## WORK TASK
Go to the line containing "ultimately show ?thesis by" in the records below and print it and every following line exactly, on through the line containing "by (auto simp: bibr_dual_def", then stop.

Dataset entries:
== == ==
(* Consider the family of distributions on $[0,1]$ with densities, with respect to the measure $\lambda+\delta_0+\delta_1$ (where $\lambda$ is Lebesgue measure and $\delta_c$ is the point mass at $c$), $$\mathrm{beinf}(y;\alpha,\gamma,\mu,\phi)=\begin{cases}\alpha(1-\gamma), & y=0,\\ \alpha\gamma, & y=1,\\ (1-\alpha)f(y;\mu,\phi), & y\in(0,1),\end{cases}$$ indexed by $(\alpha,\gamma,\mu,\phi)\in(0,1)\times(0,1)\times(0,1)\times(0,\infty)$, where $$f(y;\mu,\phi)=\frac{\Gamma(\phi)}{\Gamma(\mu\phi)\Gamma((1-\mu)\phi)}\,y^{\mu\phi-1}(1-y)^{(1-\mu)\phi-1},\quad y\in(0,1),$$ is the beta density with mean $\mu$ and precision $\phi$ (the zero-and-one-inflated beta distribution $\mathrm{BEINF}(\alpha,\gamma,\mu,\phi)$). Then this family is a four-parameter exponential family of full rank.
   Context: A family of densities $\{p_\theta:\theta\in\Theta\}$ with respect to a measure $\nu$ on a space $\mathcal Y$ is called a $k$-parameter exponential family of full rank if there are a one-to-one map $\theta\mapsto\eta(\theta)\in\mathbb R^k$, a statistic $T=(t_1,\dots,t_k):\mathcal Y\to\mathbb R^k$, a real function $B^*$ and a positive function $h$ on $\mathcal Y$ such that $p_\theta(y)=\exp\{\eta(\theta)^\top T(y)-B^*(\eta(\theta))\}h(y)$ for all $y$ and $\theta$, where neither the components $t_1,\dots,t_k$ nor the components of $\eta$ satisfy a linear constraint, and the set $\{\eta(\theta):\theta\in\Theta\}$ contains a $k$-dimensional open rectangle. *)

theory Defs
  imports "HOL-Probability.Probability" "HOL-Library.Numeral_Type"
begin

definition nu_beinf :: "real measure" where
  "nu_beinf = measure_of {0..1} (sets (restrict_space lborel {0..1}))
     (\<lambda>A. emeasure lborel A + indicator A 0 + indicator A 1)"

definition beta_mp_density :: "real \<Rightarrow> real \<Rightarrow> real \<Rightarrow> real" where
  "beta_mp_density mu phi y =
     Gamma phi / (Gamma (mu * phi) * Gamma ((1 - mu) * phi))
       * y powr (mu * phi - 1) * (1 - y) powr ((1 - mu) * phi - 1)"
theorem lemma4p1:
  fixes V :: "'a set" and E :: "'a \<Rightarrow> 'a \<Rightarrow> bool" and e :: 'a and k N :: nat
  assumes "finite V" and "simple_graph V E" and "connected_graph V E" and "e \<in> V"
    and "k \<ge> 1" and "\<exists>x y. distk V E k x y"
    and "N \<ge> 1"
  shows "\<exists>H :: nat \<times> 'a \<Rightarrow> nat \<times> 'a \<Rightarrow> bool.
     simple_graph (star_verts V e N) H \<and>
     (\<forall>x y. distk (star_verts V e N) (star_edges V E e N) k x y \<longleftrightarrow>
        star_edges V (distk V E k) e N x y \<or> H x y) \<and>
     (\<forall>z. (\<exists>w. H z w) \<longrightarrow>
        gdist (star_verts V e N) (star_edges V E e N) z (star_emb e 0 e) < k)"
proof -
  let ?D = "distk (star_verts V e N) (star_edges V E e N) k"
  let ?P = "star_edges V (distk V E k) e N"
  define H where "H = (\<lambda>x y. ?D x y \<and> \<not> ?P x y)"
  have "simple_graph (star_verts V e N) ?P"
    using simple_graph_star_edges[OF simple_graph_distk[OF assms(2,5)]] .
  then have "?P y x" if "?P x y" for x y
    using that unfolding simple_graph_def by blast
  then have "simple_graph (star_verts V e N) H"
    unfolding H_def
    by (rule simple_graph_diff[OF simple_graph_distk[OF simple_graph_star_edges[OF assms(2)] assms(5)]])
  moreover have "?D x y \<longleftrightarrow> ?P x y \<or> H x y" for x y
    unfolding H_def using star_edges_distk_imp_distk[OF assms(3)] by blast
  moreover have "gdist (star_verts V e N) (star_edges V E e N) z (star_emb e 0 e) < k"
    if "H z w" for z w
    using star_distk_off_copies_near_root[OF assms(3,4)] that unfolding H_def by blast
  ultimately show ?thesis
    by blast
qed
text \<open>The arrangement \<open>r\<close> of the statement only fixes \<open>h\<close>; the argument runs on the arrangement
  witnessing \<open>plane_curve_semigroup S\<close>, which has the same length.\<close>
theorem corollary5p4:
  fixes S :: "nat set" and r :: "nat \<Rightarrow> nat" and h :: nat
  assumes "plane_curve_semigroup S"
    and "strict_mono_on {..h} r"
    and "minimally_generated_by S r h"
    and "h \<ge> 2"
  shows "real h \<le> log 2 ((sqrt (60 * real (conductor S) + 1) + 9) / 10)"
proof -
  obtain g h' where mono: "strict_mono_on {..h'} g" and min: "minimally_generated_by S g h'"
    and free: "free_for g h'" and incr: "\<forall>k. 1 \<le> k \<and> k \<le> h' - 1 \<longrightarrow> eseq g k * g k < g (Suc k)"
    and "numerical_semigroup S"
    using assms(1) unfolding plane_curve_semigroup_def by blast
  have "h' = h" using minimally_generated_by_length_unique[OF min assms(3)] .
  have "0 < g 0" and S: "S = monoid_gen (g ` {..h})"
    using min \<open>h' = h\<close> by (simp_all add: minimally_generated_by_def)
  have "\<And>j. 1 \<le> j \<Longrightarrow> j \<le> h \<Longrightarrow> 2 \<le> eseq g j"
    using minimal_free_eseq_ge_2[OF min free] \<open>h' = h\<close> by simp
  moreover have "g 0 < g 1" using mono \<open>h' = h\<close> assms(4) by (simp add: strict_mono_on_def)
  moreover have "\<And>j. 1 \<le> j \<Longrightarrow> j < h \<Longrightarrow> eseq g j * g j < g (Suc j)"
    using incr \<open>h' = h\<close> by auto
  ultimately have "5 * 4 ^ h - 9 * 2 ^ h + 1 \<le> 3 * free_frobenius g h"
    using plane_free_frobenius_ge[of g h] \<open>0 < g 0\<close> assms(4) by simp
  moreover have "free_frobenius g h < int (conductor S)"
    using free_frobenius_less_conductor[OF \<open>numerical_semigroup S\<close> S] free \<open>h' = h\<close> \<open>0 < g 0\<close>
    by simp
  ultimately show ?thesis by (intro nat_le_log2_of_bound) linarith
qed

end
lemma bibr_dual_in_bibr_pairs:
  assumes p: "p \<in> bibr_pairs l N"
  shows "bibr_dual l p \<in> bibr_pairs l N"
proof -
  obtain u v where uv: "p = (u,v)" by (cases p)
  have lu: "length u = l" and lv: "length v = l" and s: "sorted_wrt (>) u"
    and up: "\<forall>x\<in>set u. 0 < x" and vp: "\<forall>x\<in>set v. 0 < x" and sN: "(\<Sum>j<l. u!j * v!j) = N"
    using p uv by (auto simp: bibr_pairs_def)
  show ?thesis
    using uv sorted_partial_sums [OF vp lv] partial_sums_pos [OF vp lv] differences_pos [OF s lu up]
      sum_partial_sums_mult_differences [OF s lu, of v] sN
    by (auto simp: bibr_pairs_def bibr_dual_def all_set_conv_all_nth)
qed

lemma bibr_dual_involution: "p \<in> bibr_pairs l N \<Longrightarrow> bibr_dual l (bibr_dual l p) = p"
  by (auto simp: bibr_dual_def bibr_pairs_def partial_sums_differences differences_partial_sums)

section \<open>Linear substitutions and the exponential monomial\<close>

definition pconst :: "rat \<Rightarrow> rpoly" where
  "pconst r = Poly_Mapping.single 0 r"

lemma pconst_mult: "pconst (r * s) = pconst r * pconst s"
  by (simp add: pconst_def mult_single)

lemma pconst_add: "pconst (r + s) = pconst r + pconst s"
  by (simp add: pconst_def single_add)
== == ==
## EXERCISE RESPONSE
  ultimately show ?thesis by (intro nat_le_log2_of_bound) linarith
qed

end
lemma bibr_dual_in_bibr_pairs:
  assumes p: "p \<in> bibr_pairs l N"
  shows "bibr_dual l p \<in> bibr_pairs l N"
proof -
  obtain u v where uv: "p = (u,v)" by (cases p)
  have lu: "length u = l" and lv: "length v = l" and s: "sorted_wrt (>) u"
    and up: "\<forall>x\<in>set u. 0 < x" and vp: "\<forall>x\<in>set v. 0 < x" and sN: "(\<Sum>j<l. u!j * v!j) = N"
    using p uv by (auto simp: bibr_pairs_def)
  show ?thesis
    using uv sorted_partial_sums [OF vp lv] partial_sums_pos [OF vp lv] differences_pos [OF s lu up]
      sum_partial_sums_mult_differences [OF s lu, of v] sN
    by (auto simp: bibr_pairs_def bibr_dual_def all_set_conv_all_nth)
qed

lemma bibr_dual_involution: "p \<in> bibr_pairs l N \<Longrightarrow> bibr_dual l (bibr_dual l p) = p"
  by (auto simp: bibr_dual_def bibr_pairs_def partial_sums_differences differences_partial_sums)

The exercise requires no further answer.